━━━ MATERIAL FOR THE TASK ━━━
theorem mainTheorem10:
  fixes \<beta> c :: real and T :: "vert set set" and R :: "vert set" and i :: nat and h :: int
  assumes "\<beta> > 1" and "c > 0"
    and "spanning_tree ladder_V ladder_E T"
    and "in_support_P c T"
    and "is_ray T R"
    and "i \<le> 1"
    and "ray_edge T R {(i,h-1),(i,h)}"
    and "{(1-i,h-1),(1-i,h)} \<notin> T"
  shows "escape_prob \<beta> T R (i,h-1) (i,h) \<ge> (\<beta> - 1) / (2 * \<beta>)"
proof -
  have TE: "T \<subseteq> ladder_E" and nc: "\<not> has_cycle T"
    using assms(3) by (auto simp: spanning_tree_def)
  obtain r n where bp: "biinf_path T r" and rng: "range r = R"
    and below: "r (n-1) = (i,h-1)" and at: "r n = (i,h)"
    using ray_edge_oriented[OF assms(7)] .
  define K where "K = 2 * \<beta> powr (1 - real_of_int h) / (\<beta> - 1)"
  have "h \<le> snd (r j)" if "n \<le> j" for j
    using biinf_path_level_ge[OF bp TE below at assms(6,8), of "nat (j - n)"] that by simp
  hence "ray_resistance \<beta> r (n-1) m \<le> K" for m
    unfolding K_def by (rule ray_resistance_le[OF assms(1) bp TE])
  moreover have "K > 0" using assms(1) by (simp add: K_def)
  ultimately have "ray_resistance \<beta> r (n-1) n / K \<le> escape_prob \<beta> T R (i,h-1) (i,h)"
    using resistance_ratio_le_escape_prob[OF _ TE nc bp rng, of \<beta> K "n-1" n] assms(1) below at
    by simp
  moreover have "ray_resistance \<beta> r (n-1) n / K = (\<beta> - 1) / (2 * \<beta>)"
    using ray_resistance_step[of "n-1" "n-1" \<beta> r] below at assms(1)
    by (simp add: ray_resistance_eq_0 cond_def K_def powr_diff powr_minus divide_simps)
  ultimately show ?thesis by simp
qed

end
━━━
• DESCRIPTION OF THE TASK:
Only the lines above from the one with "using ray_edge_oriented[OF assms(7)] ." through the one with "(simp add: K_def)" should be duplicated, character for character.

• WRITTEN RESPONSE:
    using ray_edge_oriented[OF assms(7)] .
  define K where "K = 2 * \<beta> powr (1 - real_of_int h) / (\<beta> - 1)"
  have "h \<le> snd (r j)" if "n \<le> j" for j
    using biinf_path_level_ge[OF bp TE below at assms(6,8), of "nat (j - n)"] that by simp
  hence "ray_resistance \<beta> r (n-1) m \<le> K" for m
    unfolding K_def by (rule ray_resistance_le[OF assms(1) bp TE])
  moreover have "K > 0" using assms(1) by (simp add: K_def)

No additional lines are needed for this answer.